▶ _PROBLEM STATEMENT_: Taking the listing below, restate word for word each line from the line with "(\<lambda>_. borel) X" to the line with "using nn_integral_crossing_sum_le[OF indep", ends included, and stop there.

▶ _DATASET RECORDS_:
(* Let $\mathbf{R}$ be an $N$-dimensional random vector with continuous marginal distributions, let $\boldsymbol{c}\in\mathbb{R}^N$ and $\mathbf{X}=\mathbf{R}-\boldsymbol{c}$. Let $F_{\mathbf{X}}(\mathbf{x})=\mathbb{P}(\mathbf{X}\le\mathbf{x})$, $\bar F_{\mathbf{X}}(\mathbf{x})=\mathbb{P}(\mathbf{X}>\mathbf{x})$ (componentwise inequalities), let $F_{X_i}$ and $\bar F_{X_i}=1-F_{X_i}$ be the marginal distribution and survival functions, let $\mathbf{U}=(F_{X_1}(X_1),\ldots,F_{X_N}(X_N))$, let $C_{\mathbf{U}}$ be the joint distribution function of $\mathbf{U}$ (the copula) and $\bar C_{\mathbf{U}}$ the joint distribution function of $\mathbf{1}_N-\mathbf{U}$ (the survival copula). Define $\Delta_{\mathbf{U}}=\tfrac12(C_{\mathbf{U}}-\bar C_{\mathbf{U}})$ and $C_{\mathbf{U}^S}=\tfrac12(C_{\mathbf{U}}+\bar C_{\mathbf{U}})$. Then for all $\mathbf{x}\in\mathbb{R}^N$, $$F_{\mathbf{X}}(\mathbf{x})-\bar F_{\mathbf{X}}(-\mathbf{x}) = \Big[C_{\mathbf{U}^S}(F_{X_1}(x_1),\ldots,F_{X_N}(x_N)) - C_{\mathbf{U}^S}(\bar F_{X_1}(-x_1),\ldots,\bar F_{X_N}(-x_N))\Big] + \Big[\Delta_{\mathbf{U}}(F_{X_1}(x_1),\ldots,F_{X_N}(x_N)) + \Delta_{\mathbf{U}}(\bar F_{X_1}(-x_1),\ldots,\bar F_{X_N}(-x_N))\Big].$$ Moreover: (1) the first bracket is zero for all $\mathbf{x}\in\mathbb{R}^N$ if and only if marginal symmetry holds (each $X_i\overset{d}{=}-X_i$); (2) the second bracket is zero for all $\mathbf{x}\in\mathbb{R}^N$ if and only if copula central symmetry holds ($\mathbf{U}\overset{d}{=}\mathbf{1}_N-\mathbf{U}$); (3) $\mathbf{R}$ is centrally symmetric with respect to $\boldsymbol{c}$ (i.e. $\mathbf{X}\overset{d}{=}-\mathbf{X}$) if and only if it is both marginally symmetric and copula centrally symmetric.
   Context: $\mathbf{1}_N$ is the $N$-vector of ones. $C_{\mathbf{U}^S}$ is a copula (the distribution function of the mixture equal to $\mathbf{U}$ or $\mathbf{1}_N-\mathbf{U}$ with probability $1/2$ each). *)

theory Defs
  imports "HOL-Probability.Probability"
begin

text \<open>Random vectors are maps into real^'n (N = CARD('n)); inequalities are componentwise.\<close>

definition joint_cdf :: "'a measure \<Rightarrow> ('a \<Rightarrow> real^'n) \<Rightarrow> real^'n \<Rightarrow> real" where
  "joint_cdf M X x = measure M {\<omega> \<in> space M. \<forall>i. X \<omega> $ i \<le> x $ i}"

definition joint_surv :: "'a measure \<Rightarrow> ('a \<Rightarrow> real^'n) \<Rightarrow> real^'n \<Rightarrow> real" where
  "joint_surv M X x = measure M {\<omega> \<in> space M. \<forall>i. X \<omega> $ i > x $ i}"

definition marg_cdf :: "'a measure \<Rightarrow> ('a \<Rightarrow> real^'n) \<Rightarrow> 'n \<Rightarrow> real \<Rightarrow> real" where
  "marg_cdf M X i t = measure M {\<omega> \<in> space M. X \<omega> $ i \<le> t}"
==
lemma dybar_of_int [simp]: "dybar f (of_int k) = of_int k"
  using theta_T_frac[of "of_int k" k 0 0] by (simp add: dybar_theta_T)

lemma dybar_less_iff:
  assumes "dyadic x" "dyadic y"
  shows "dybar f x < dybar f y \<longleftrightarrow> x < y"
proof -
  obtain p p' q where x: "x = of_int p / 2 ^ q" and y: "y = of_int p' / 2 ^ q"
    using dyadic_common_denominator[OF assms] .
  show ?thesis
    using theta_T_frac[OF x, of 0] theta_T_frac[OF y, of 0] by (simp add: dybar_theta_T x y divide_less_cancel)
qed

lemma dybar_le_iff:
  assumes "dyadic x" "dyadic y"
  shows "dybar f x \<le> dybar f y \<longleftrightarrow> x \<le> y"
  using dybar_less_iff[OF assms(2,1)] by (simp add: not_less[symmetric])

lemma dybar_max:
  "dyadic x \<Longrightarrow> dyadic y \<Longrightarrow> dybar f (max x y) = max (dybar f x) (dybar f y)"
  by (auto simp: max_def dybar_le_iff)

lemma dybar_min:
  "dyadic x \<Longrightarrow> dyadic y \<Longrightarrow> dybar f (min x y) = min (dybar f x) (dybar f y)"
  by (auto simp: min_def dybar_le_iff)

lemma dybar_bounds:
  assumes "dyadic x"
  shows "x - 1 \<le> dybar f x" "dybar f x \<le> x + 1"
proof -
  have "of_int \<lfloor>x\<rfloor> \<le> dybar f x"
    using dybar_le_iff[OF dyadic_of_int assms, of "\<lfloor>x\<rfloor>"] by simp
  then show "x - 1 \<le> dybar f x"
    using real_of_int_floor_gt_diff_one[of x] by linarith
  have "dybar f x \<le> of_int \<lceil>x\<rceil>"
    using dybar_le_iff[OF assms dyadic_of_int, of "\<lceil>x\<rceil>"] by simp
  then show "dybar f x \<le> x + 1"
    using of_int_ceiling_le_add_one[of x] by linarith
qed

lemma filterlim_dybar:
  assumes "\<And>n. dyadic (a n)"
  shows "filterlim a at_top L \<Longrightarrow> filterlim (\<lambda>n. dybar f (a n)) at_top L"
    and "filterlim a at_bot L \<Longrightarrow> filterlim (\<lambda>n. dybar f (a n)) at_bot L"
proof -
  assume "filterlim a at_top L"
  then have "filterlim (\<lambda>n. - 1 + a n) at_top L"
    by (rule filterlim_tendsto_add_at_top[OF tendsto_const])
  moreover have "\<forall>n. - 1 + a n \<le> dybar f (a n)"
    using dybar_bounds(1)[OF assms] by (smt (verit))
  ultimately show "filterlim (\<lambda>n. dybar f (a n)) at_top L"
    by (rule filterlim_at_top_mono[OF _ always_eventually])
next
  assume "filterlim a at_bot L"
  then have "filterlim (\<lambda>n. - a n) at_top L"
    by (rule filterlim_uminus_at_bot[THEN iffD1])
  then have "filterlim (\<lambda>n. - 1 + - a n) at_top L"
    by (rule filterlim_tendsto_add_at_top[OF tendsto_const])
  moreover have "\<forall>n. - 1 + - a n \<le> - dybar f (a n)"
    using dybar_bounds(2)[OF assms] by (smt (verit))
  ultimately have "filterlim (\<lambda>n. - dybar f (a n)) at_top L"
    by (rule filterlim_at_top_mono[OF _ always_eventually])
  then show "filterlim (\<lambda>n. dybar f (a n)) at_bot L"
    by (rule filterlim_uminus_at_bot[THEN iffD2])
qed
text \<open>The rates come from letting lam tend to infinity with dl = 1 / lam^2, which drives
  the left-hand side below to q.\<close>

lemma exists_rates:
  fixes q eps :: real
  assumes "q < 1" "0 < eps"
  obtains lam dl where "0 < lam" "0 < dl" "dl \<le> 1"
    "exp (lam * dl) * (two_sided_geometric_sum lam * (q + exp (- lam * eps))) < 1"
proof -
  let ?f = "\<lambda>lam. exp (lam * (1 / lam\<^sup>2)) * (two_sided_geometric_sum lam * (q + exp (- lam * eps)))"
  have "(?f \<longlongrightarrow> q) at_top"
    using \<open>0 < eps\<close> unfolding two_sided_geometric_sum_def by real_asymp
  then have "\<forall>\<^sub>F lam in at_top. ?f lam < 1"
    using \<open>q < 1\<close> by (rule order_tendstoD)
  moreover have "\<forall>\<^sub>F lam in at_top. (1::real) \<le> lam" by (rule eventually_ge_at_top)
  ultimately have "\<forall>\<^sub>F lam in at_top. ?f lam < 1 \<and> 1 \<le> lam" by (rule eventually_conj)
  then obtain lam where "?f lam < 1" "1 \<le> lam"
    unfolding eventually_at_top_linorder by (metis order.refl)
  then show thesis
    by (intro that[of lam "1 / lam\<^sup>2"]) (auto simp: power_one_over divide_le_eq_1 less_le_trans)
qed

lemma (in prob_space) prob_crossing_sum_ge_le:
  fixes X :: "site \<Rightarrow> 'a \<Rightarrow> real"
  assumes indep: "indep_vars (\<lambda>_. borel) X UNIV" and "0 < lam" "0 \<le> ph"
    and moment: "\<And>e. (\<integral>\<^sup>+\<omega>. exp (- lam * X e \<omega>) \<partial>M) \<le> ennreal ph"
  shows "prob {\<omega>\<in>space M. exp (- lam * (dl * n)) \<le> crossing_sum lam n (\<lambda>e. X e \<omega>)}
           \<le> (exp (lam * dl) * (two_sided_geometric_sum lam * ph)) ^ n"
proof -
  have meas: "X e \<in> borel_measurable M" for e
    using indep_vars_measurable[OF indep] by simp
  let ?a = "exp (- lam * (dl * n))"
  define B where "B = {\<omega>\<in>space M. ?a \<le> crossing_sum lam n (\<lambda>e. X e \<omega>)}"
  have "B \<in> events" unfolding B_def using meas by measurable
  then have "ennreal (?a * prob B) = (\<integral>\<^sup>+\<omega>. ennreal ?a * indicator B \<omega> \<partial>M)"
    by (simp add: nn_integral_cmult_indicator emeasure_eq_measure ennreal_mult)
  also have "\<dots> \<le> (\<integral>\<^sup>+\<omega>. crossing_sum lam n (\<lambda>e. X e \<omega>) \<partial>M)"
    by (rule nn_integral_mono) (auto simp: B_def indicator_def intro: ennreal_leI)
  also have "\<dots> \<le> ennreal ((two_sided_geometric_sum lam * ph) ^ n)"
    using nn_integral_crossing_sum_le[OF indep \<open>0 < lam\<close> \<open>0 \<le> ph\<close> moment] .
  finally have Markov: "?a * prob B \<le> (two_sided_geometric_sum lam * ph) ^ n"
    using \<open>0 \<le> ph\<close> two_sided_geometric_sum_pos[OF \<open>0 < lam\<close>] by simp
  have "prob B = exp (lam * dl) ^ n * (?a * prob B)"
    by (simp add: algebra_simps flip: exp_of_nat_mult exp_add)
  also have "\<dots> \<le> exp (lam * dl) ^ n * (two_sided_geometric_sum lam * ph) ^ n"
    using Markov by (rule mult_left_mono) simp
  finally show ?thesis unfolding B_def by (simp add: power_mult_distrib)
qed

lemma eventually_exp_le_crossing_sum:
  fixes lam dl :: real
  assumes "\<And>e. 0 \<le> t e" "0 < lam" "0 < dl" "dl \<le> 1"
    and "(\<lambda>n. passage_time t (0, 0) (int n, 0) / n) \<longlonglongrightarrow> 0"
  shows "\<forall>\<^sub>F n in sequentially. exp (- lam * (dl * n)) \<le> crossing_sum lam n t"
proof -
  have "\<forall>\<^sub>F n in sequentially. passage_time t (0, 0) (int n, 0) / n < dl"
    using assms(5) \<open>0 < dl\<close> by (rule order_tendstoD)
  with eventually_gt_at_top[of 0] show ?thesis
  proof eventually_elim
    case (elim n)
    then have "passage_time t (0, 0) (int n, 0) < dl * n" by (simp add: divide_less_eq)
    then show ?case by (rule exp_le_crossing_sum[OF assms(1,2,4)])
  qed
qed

▶ _EXERCISE OUTPUT_:
  assumes indep: "indep_vars (\<lambda>_. borel) X UNIV" and "0 < lam" "0 \<le> ph"
    and moment: "\<And>e. (\<integral>\<^sup>+\<omega>. exp (- lam * X e \<omega>) \<partial>M) \<le> ennreal ph"
  shows "prob {\<omega>\<in>space M. exp (- lam * (dl * n)) \<le> crossing_sum lam n (\<lambda>e. X e \<omega>)}
           \<le> (exp (lam * dl) * (two_sided_geometric_sum lam * ph)) ^ n"
proof -
  have meas: "X e \<in> borel_measurable M" for e
    using indep_vars_measurable[OF indep] by simp
  let ?a = "exp (- lam * (dl * n))"
  define B where "B = {\<omega>\<in>space M. ?a \<le> crossing_sum lam n (\<lambda>e. X e \<omega>)}"
  have "B \<in> events" unfolding B_def using meas by measurable
  then have "ennreal (?a * prob B) = (\<integral>\<^sup>+\<omega>. ennreal ?a * indicator B \<omega> \<partial>M)"
    by (simp add: nn_integral_cmult_indicator emeasure_eq_measure ennreal_mult)
  also have "\<dots> \<le> (\<integral>\<^sup>+\<omega>. crossing_sum lam n (\<lambda>e. X e \<omega>) \<partial>M)"
    by (rule nn_integral_mono) (auto simp: B_def indicator_def intro: ennreal_leI)
  also have "\<dots> \<le> ennreal ((two_sided_geometric_sum lam * ph) ^ n)"
    using nn_integral_crossing_sum_le[OF indep \<open>0 < lam\<close> \<open>0 \<le> ph\<close> moment] .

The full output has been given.